→ **EXERCISE DETAILS**
Work through the records that follow and return each line containing the word "ultimately".

→ **EXERCISE MATERIAL**

lemma P3_hull_grows:
  assumes strong: "strongly_connected V A" and "a \<in> V" "b \<in> V"
    and "\<not> P3_hull a b \<subseteq> {a, b}" and "P3_hull a b \<noteq> V"
  obtains x y where "x \<in> V" "y \<in> V" "P3_hull a b \<subset> P3_hull x y"
proof -
  let ?C = "P3_hull a b"
  have CV: "?C \<subseteq> V" using P3_hull_subset[of "{a, b}"] assms(2,3) by simp
  have aC: "a \<in> ?C" using subset_convex_hull_of[of "{a, b}" "I_P3 A" V] by auto
  define X where "X = {x \<in> V. x \<notin> ?C \<and> (\<forall>c \<in> ?C. (c, x) \<in> A)}"
  define Y where "Y = {y \<in> V. y \<notin> ?C \<and> (\<forall>c \<in> ?C. (y, c) \<in> A)}"
  have XY: "x \<in> X \<or> x \<in> Y" if "x \<in> V" "x \<notin> ?C" for x
    using P3_hull_dominance[OF assms(2-4) that] that unfolding X_def Y_def by blast
  obtain w where "w \<in> V" "w \<notin> ?C" using CV assms(5) by blast
  then obtain c x0 where c: "c \<in> ?C" and x0: "x0 \<notin> ?C" "(c, x0) \<in> A"
    by (rule strongly_connected_arc_leaving[OF strong assms(2) aC])
  have "x0 \<in> V" using x0(2) tournament_arcs by auto
  moreover have "x0 \<notin> Y" using c x0(2) tournament_asym unfolding Y_def by blast
  ultimately have "x0 \<in> X" using XY x0(1) by blast
  moreover have "a \<notin> X" using aC unfolding X_def by blast
  ultimately obtain x y where x: "x \<in> X" and y: "y \<notin> X" and xy: "(x, y) \<in> A"
    using strongly_connected_arc_leaving[OF strong \<open>x0 \<in> V\<close> _ assms(2)] by blast
  have xV: "x \<in> V" and yV: "y \<in> V" using xy tournament_arcs by auto
  have "y \<notin> ?C" using x xy tournament_asym unfolding X_def by blast
  then have "y \<in> Y" using XY[OF yV] y by blast
  have "?C \<subseteq> I_P3 A x y"
    using x \<open>y \<in> Y\<close> xy tournament_asym unfolding X_def Y_def I_P3_def by blast
  also have "I_P3 A x y \<subseteq> P3_hull x y"
    using convexD[OF is_convex_P3_hull] subset_convex_hull_of[of "{x, y}" "I_P3 A" V] by blast
  finally have "insert x ?C \<subseteq> P3_hull x y"
    using subset_convex_hull_of[of "{x, y}" "I_P3 A" V] by blast
  moreover have "x \<notin> ?C" using x unfolding X_def by blast
  ultimately show thesis using that xV yV by blast
qed

lemma P3_hull_eq_vertices:
  assumes strong: "strongly_connected V A" and "card V > 1"
  obtains a b where "a \<in> V" "b \<in> V" "P3_hull a b = V"
proof -
  define hull_size where "hull_size q = card (P3_hull (fst q) (snd q))" for q
  have hull_size_le: "hull_size q \<le> card V" if "q \<in> V \<times> V" for q
    unfolding hull_size_def using that card_mono[OF tournament_finite P3_hull_subset] by auto
  obtain x y z where xyz: "(x, y) \<in> A" "(y, z) \<in> A" "(z, x) \<in> A"
    using strongly_connected_tournament_3_cycle[OF assms] .
  then have xyV: "(x, y) \<in> V \<times> V" using tournament_arcs by auto
  have "\<exists>q. q \<in> V \<times> V \<and> (\<forall>q'. q' \<in> V \<times> V \<longrightarrow> hull_size q' \<le> hull_size q)"
    by (rule ex_has_greatest_nat[of _ "(x, y)" _ "Suc (card V)"])
      (use xyV hull_size_le in \<open>auto simp: less_Suc_eq_le\<close>)
  then obtain a b where ab: "a \<in> V" "b \<in> V"
    and max: "\<And>x' y'. x' \<in> V \<Longrightarrow> y' \<in> V \<Longrightarrow> hull_size (x', y') \<le> hull_size (a, b)"
    by auto
  have xV: "x \<in> V" and yV: "y \<in> V" using xyV by auto
  have "3 \<le> hull_size (x, y)" using card_P3_hull_3_cycle[OF xyz] unfolding hull_size_def by simp
  then have "3 \<le> card (P3_hull a b)" using max[OF xV yV] unfolding hull_size_def by simp
  moreover have "card {a, b} \<le> 2" by (cases "a = b") auto
  ultimately have not_pair: "\<not> P3_hull a b \<subseteq> {a, b}"
    using card_mono[of "{a, b}" "P3_hull a b"] by auto
  have "P3_hull a b = V"
  proof (rule ccontr)
    assume "P3_hull a b \<noteq> V"
    then obtain x' y' where x'y': "x' \<in> V" "y' \<in> V" and "P3_hull a b \<subset> P3_hull x' y'"
      using P3_hull_grows[OF strong ab not_pair] by blast
    then have "card (P3_hull a b) < card (P3_hull x' y')"
      using psubset_card_mono[OF finite_P3_hull[OF x'y']] by blast
    then show False using max[OF x'y'] unfolding hull_size_def by simp
  qed
  then show thesis using that ab by blast
qed

end

theorem proposition5:
  fixes V :: "'a set" and A :: "('a \<times> 'a) set"
  assumes "tournament V A"
    and "strongly_connected V A"
    and "card V > 1"
  shows "hull_number (I_P3 A) V = 2 \<and> hull_number (I_g A) V = 2"
proof -
  obtain a b where "a \<in> V" "b \<in> V" "convex_hull_of (I_P3 A) V {a, b} = V"
    using P3_hull_eq_vertices[OF assms] .
  then have P3: "hull_set (I_P3 A) V {a, b}" by (simp add: hull_set_def)
  have g: "hull_set (I_g A) V {a, b}"
  proof (rule hull_set_mono_interval[OF P3])
    show "I_P3 A u v \<subseteq> I_g A u v" if "u \<in> V" "v \<in> V" for u v
      using I_P3_subset_I_g[OF assms(1) that] .
    show "is_convex (I_g A) V"
      using is_convex_I_g_vertices[OF tournament_arcs[OF assms(1)]] .
  qed (simp add: I_P3_def)
  have fin: "finite V" using tournament_finite[OF assms(1)] .
  show ?thesis
  proof
    show "hull_number (I_P3 A) V = 2"
      by (rule hull_number_eq_2[OF fin assms(3) _ P3]) (simp add: I_P3_loop[OF assms(1)])
    show "hull_number (I_g A) V = 2"
      by (rule hull_number_eq_2[OF fin assms(3) _ g]) (simp add: I_g_loop)
  qed
qed

end
lemma (in prob_space) indep_var_fun_restrict:
  fixes X :: "'i \<Rightarrow> 'a \<Rightarrow> 'b::countable"
  assumes indep: "indep_vars (\<lambda>_. count_space UNIV) X I"
    and A: "finite A" "A \<subseteq> I" and t: "t \<in> I" "t \<notin> A"
  shows "indep_var (count_space UNIV) (\<lambda>\<omega>. g (restrict (\<lambda>i. X i \<omega>) A)) (count_space UNIV) (X t)"
proof -
  have "indep_var (PiM A (\<lambda>_. count_space UNIV)) (\<lambda>\<omega>. restrict (\<lambda>i. X i \<omega>) A)
      (PiM {t} (\<lambda>_. count_space UNIV)) (\<lambda>\<omega>. restrict (\<lambda>i. X i \<omega>) {t})"
    using A t by (intro indep_var_restrict[OF indep]) auto
  then have "indep_var (count_space UNIV) (g \<circ> (\<lambda>\<omega>. restrict (\<lambda>i. X i \<omega>) A))
      (count_space UNIV) ((\<lambda>f. f t) \<circ> (\<lambda>\<omega>. restrict (\<lambda>i. X i \<omega>) {t}))"
    by (rule indep_var_compose)
      (simp_all add: A(1) count_space_PiM_finite measurable_component_singleton)
  then show ?thesis
    by (simp add: comp_def)
qed

lemma mem_cramer_set: "m \<in> cramer_set X \<omega> \<longleftrightarrow> 3 \<le> m \<and> X m \<omega>"
  by (simp add: cramer_set_def)

lemma cramer_set_subset: "cramer_set X \<omega> \<subseteq> {3..}"
  by (auto simp: cramer_set_def)

lemma zero_notin_cramer_set: "0 \<notin> cramer_set X \<omega>"
  by (simp add: cramer_set_def)

lemma cramer_set_Int_lessThan:
  "cramer_set X \<omega> \<inter> {..<t} = {m \<in> {3..<t}. restrict (\<lambda>m. X m \<omega>) {3..<t} m}"
  by (auto simp: cramer_set_def)

locale cramer_model = prob_space M for M :: "'a measure" +
  fixes X :: "nat \<Rightarrow> 'a \<Rightarrow> bool"
  assumes indep: "indep_vars (\<lambda>_. count_space UNIV) X {3..}"
    and prob_X: "\<And>m. 3 \<le> m \<Longrightarrow> prob {\<omega> \<in> space M. X m \<omega>} = 1 / ln (real m)"
begin

lemma measurable_X [measurable]: "3 \<le> m \<Longrightarrow> X m \<in> measurable M (count_space UNIV)"
  using indep unfolding indep_vars_def by simp

lemma prob_not_X:
  assumes "3 \<le> t"
  shows "prob {\<omega> \<in> space M. \<not> X t \<omega>} = 1 - 1 / ln (real t)"
proof -
  have "{\<omega> \<in> space M. \<not> X t \<omega>} = space M - {\<omega> \<in> space M. X t \<omega>}"
    by auto
  moreover have "{\<omega> \<in> space M. X t \<omega>} \<in> events"
    using assms by measurable
  ultimately show ?thesis
    using prob_compl prob_X[OF assms] by simp
qed

lemma events_prefix: "{\<omega> \<in> space M. \<Phi> (cramer_set X \<omega> \<inter> {..<t})} \<in> events"
proof -
  have "(\<lambda>\<omega>. \<Phi> {m \<in> {3..<t}. restrict (\<lambda>m. X m \<omega>) {3..<t} m}) \<in> measurable M (count_space UNIV)"
    by (rule measurable_fun_restrict_count_space[where g = "\<lambda>f. \<Phi> {m \<in> {3..<t}. f m}"]) auto
  then show ?thesis
    by (simp add: cramer_set_Int_lessThan pred_def)
qed
lemma crack_w_deriv:
  "(crack_w mu lam w0 has_real_derivative - lam * mu * crack_w mu lam w0 t) (at t within S)"
  unfolding crack_w_def[abs_def] by (auto intro!: derivative_eq_intros)

lemma crack_z_deriv:
  assumes "mu \<noteq> -1"
  shows "(crack_z mu lam w0 z0 has_real_derivative
           - lam * (mu + 1) * crack_z mu lam w0 z0 t + lam * (4 * mu + 6 + 2 * crack_w mu lam w0 t))
           (at t within S)"
proof -
  define q where "q = (4 * mu + 6) / (mu + 1)"
  have q: "4 * mu + 6 = q * (mu + 1)"
    unfolding q_def using assms by (simp add: field_simps)
  have "crack_z mu lam w0 z0 = (\<lambda>t. exp (- lam * (mu + 1) * t) * z0 + q * (1 - exp (- lam * (mu + 1) * t))
          + 2 * w0 * (exp (- lam * mu * t) - exp (- lam * (mu + 1) * t)))"
    unfolding crack_z_def q_def by auto
  then show ?thesis
    unfolding q crack_w_def by (auto intro!: derivative_eq_intros simp: algebra_simps)
qed

lemma crack_z_pos:
  assumes mu: "mu \<ge> 0" and lam: "lam \<ge> 0" and t: "t \<ge> 0" and z0: "z0 > 0" and w0: "w0 \<ge> -2"
  shows "crack_z mu lam w0 z0 t > 0"
proof -
  define e1 where "e1 = exp (- lam * (mu + 1) * t)"
  define e2 where "e2 = exp (- lam * mu * t)"
  define q where "q = (4 * mu + 6) / (mu + 1)"
  have e1_pos: "e1 > 0" unfolding e1_def by simp
  have e1_le_e2: "e1 \<le> e2"
    unfolding e1_def e2_def using lam t by (simp add: algebra_simps mult_nonneg_nonneg)
  have e2_le_1: "e2 \<le> 1"
    unfolding e2_def using mu lam t by (simp add: mult_nonneg_nonneg)
  have "4 * (1 - e1) \<le> q * (1 - e1)"
    unfolding q_def using mu e1_le_e2 e2_le_1 by (intro mult_right_mono) (simp_all add: field_simps)
  moreover have "-4 * (e2 - e1) \<le> 2 * w0 * (e2 - e1)"
    using w0 e1_le_e2 by (intro mult_right_mono) simp_all
  moreover have "e1 * z0 > 0" using e1_pos z0 by simp
  \<comment> \<open>together: the sum is at least e1 z0 + 4 (1 - e2)\<close>
  ultimately have "e1 * z0 + q * (1 - e1) + 2 * w0 * (e2 - e1) > 0"
    using e2_le_1 by (smt (verit))
  then show ?thesis
    unfolding crack_z_def e1_def[symmetric] e2_def[symmetric] q_def[symmetric] .
qed

lemma crack_flow_0: "snd p \<noteq> 0 \<Longrightarrow> crack_flow mu lam p 0 = p"
  by (simp add: crack_flow_def crack_w_def crack_z_def field_simps prod_eq_iff)

lemma is_solution_crack_flow:
  assumes mu: "mu \<ge> 0" and lam: "lam \<ge> 0" and p: "0 < snd p" "0 \<le> fst p"
  shows "is_solution mu lam (crack_flow mu lam p)"
proof -
  define w0 where "w0 = fst p / snd p - 2"
  define z0 where "z0 = 1 / snd p"
  have "w0 \<ge> -2" "z0 > 0" unfolding w0_def z0_def using p by simp_all
  moreover have "crack_flow mu lam p =
      (\<lambda>s. ((2 + crack_w mu lam w0 s) / crack_z mu lam w0 z0 s, 1 / crack_z mu lam w0 z0 s))"
    by (simp add: crack_flow_def w0_def z0_def Let_def fun_eq_iff)
  ultimately show ?thesis
    unfolding is_solution_def using mu lam crack_z_pos[OF mu lam]
    by (auto intro!: linear_coords_crack_field_deriv crack_w_deriv crack_z_deriv
        simp del: minus_mult_left dest: less_imp_neq[symmetric])
qed

lemma crack_w_tendsto:
  assumes "mu > 0" "lam > 0"
  shows "(crack_w mu lam w0 \<longlongrightarrow> 0) at_top"
  using tendsto_mult_right_zero[OF tendsto_exp_neg_mult_at_top[of "lam * mu"], of w0] assms
  by (simp add: crack_w_def[abs_def] mult.commute)

lemma crack_z_tendsto:
  assumes "mu > 0" "lam > 0"
  shows "(crack_z mu lam w0 z0 \<longlongrightarrow> (4 * mu + 6) / (mu + 1)) at_top"
proof -
  define q where "q = (4 * mu + 6) / (mu + 1)"
  have e1: "((\<lambda>t. exp (- (lam * (mu + 1)) * t)) \<longlongrightarrow> 0) at_top"
    and e2: "((\<lambda>t. exp (- (lam * mu) * t)) \<longlongrightarrow> 0) at_top"
    using tendsto_exp_neg_mult_at_top[of "lam * (mu + 1)"] tendsto_exp_neg_mult_at_top[of "lam * mu"]
      assms by simp_all
  have "((\<lambda>t. exp (- (lam * (mu + 1)) * t) * z0 + q * (1 - exp (- (lam * (mu + 1)) * t))
          + 2 * w0 * (exp (- (lam * mu) * t) - exp (- (lam * (mu + 1)) * t)))
        \<longlongrightarrow> 0 * z0 + q * (1 - 0) + 2 * w0 * (0 - 0)) at_top"
    by (intro tendsto_intros e1 e2)
  then show ?thesis
    by (simp add: crack_z_def[abs_def] q_def)
qed

lemma crack_flow_tendsto:
  assumes mu: "mu > 0" and lam: "lam > 0"
  shows "(crack_flow mu lam p \<longlongrightarrow> crack_equilibrium mu) at_top"
proof -
  define w0 where "w0 = fst p / snd p - 2"
  define z0 where "z0 = 1 / snd p"
  define q where "q = (4 * mu + 6) / (mu + 1)"
  have "q \<noteq> 0" unfolding q_def using mu by simp
  with crack_w_tendsto[OF mu lam] crack_z_tendsto[OF mu lam, folded q_def]
  have "((\<lambda>t. ((2 + crack_w mu lam w0 t) / crack_z mu lam w0 z0 t, 1 / crack_z mu lam w0 z0 t))
      \<longlongrightarrow> ((2 + 0) / q, 1 / q)) at_top"
    by (intro tendsto_intros)
  moreover have "((2 + 0) / q, 1 / q) = crack_equilibrium mu"
    unfolding q_def crack_equilibrium_def using mu by (simp add: field_simps)
  ultimately show ?thesis
    by (simp add: crack_flow_def[abs_def] w0_def z0_def Let_def)
qed

lemma is_solution_continuous:
  "is_solution mu lam phi \<Longrightarrow> continuous_on {0..} phi"
  unfolding is_solution_def continuous_on_eq_continuous_within
  by (meson atLeast_iff has_vector_derivative_continuous)

lemma is_solution_fst_deriv:
  "is_solution mu lam phi \<Longrightarrow> t \<ge> 0 \<Longrightarrow>
     ((\<lambda>s. fst (phi s)) has_real_derivative fst (crack_field mu lam (fst (phi t), snd (phi t))))
       (at t within {0..})"
  unfolding is_solution_def by (auto intro: has_vector_derivative_fst)

lemma is_solution_snd_deriv:
  "is_solution mu lam phi \<Longrightarrow> t \<ge> 0 \<Longrightarrow>
     ((\<lambda>s. snd (phi s)) has_real_derivative snd (crack_field mu lam (fst (phi t), snd (phi t))))
       (at t within {0..})"
  unfolding is_solution_def by (auto intro: has_vector_derivative_snd)

lemma is_solution_snd_pos:
  assumes sol: "is_solution mu lam phi" and pos: "snd (phi 0) > 0" and t: "t \<ge> 0"
  shows "snd (phi t) > 0"
proof -
  define k where "k = (\<lambda>s. lam * (mu + 1 - 2 * fst (phi s) - 2 * snd (phi s) - 4 * mu * snd (phi s)))"
  have "continuous_on {0..} k"
    unfolding k_def using is_solution_continuous[OF sol] by (intro continuous_intros)
  then have "snd (phi t) = snd (phi 0) * exp (integral {0..t} k)"
  proof (rule linear_ode_exp_integral[rotated])
    fix s :: real assume "s \<ge> 0"
    from is_solution_snd_deriv[OF sol this]
    show "((\<lambda>s. snd (phi s)) has_real_derivative k s * snd (phi s)) (at s within {0..})"
      by (rule DERIV_cong) (simp add: k_def crack_field_def case_prod_beta algebra_simps power2_eq_square)
  qed (fact t)
  then show ?thesis using pos by simp
qed

lemma is_solution_eq_crack_flow:
  assumes mu: "mu \<noteq> -1" and sol: "is_solution mu lam phi" and pos: "snd (phi 0) > 0"
    and t: "t \<ge> 0"
  shows "phi t = crack_flow mu lam (phi 0) t"
proof -
  define x where "x = (\<lambda>s. fst (phi s))"
  define y where "y = (\<lambda>s. snd (phi s))"
  define w0 where "w0 = x 0 / y 0 - 2"
  define z0 where "z0 = 1 / y 0"
  have x': "(x has_real_derivative fst (crack_field mu lam (x s, y s))) (at s within {0..})"
    and y': "(y has_real_derivative snd (crack_field mu lam (x s, y s))) (at s within {0..})"
    and y_nz: "y s \<noteq> 0" if "s \<ge> 0" for s
    using is_solution_fst_deriv[OF sol that] is_solution_snd_deriv[OF sol that]
      is_solution_snd_pos[OF sol pos that]
    unfolding x_def y_def by auto
  have w_eq: "x s / y s - 2 = crack_w mu lam w0 s" if "s \<ge> 0" for s
  proof (rule linear_ode_unique[where k = "\<lambda>_. - lam * mu" and g = "\<lambda>_. 0", OF _ _ _ _ that])
    show "((\<lambda>s. x s / y s - 2) has_real_derivative - lam * mu * (x s / y s - 2) + 0) (at s within {0..})"
      if "s \<ge> 0" for s
      using crack_field_ratio_deriv[OF x'[OF that] y'[OF that] y_nz[OF that]] by simp
    show "(crack_w mu lam w0 has_real_derivative - lam * mu * crack_w mu lam w0 s + 0) (at s within {0..})"
      for s
      using crack_w_deriv by simp
  qed (simp_all add: crack_w_def w0_def)
  have z_eq: "1 / y s = crack_z mu lam w0 z0 s" if "s \<ge> 0" for s
  proof (rule linear_ode_unique[where k = "\<lambda>_. - lam * (mu + 1)"
        and g = "\<lambda>s. lam * (4 * mu + 6 + 2 * crack_w mu lam w0 s)", OF _ _ _ _ that])
    show "((\<lambda>s. 1 / y s) has_real_derivative
            - lam * (mu + 1) * (1 / y s) + lam * (4 * mu + 6 + 2 * crack_w mu lam w0 s)) (at s within {0..})"
      if "s \<ge> 0" for s
      using crack_field_reciprocal_deriv[OF x'[OF that] y'[OF that] y_nz[OF that]] w_eq[OF that] by simp
    show "(crack_z mu lam w0 z0 has_real_derivative - lam * (mu + 1) * crack_z mu lam w0 z0 s
            + lam * (4 * mu + 6 + 2 * crack_w mu lam w0 s)) (at s within {0..})" for s
      by (rule crack_z_deriv[OF mu])
  qed (simp_all add: crack_z_def z0_def)
  have "phi t = ((2 + (x t / y t - 2)) / (1 / y t), 1 / (1 / y t))"
    using y_nz[OF t] by (simp add: x_def y_def)
  then show ?thesis
    unfolding w_eq[OF t] z_eq[OF t] by (simp add: crack_flow_def x_def y_def w0_def z0_def Let_def)
qed

lemma is_solution_tendsto_crack_equilibrium:
  assumes "mu > 0" "lam > 0" "is_solution mu lam phi" "snd (phi 0) > 0"
  shows "(phi \<longlongrightarrow> crack_equilibrium mu) at_top"
proof (rule tendsto_cong[THEN iffD2])
  show "\<forall>\<^sub>F t in at_top. phi t = crack_flow mu lam (phi 0) t"
    using eventually_ge_at_top[of 0] by eventually_elim (use assms is_solution_eq_crack_flow in auto)
qed (rule crack_flow_tendsto[OF assms(1,2)])

theorem proposition1:
  "\<exists>xc :: real \<Rightarrow> real \<times> real.
     (\<forall>mu > 0. \<forall>lam1 > 0.
        xc mu \<in> quadQ \<and> crack_field mu lam1 (xc mu) = (0, 0) \<and>
        (\<forall>p \<in> quadQ. crack_field mu lam1 p = (0, 0) \<longrightarrow> p = xc mu) \<and>
        snd (xc mu) = fst (xc mu) / 2 \<and>
        (\<forall>p \<in> quadQ. \<exists>phi. is_solution mu lam1 phi \<and> phi 0 = p) \<and>
        (\<forall>phi. is_solution mu lam1 phi \<and> phi 0 \<in> quadQ \<longrightarrow> (phi \<longlongrightarrow> xc mu) at_top)) \<and>
     bij_betw xc {0<..} edge1_interior \<and>
     strict_mono_on {0<..} (\<lambda>mu. fst (xc mu)) \<and>
     strict_mono_on {0<..} (\<lambda>mu. snd (xc mu)) \<and>
     (xc \<longlongrightarrow> (1/3, 1/6)) (at_right 0) \<and>
     (xc \<longlongrightarrow> (1/2, 1/4)) at_top"
proof (rule exI[of _ crack_equilibrium], intro conjI allI impI ballI)
  fix mu lam :: real assume mu: "mu > 0" and lam: "lam > 0"
  show "crack_equilibrium mu \<in> quadQ"
    using crack_equilibrium_in_edge1_interior[OF mu] edge1_interior_subset_quadQ by blast
  show "snd (crack_equilibrium mu) = fst (crack_equilibrium mu) / 2"
    using crack_equilibrium_in_edge1_interior[OF mu] by (auto simp: edge1_interior_def)
  show "crack_field mu lam (crack_equilibrium mu) = (0, 0)"
    by (rule crack_field_crack_equilibrium[OF mu])
  show "p = crack_equilibrium mu" if "p \<in> quadQ" "crack_field mu lam p = (0, 0)" for p
    using crack_field_eq_zero_in_quadQ[OF mu lam that] .
  show "\<exists>phi. is_solution mu lam phi \<and> phi 0 = p" if "p \<in> quadQ" for p
    using quadQ_pos[OF that] is_solution_crack_flow[of mu lam p] crack_flow_0[of p mu lam] mu lam
    by auto
  show "(phi \<longlongrightarrow> crack_equilibrium mu) at_top"
    if "is_solution mu lam phi \<and> phi 0 \<in> quadQ" for phi
    using that quadQ_pos is_solution_tendsto_crack_equilibrium[OF mu lam] by blast
qed (simp_all add: bij_betw_crack_equilibrium strict_mono_on_crack_equilibrium
       crack_equilibrium_tendsto_at_right_0 crack_equilibrium_tendsto_at_top)

end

→ **EXERCISE SOLUTION**
  ultimately have "x0 \<in> X" using XY x0(1) by blast
  ultimately obtain x y where x: "x \<in> X" and y: "y \<notin> X" and xy: "(x, y) \<in> A"
  ultimately show thesis using that xV yV by blast
  ultimately have not_pair: "\<not> P3_hull a b \<subseteq> {a, b}"
  ultimately show ?thesis
  ultimately have "e1 * z0 + q * (1 - e1) + 2 * w0 * (e2 - e1) > 0"
  ultimately show ?thesis
  ultimately show ?thesis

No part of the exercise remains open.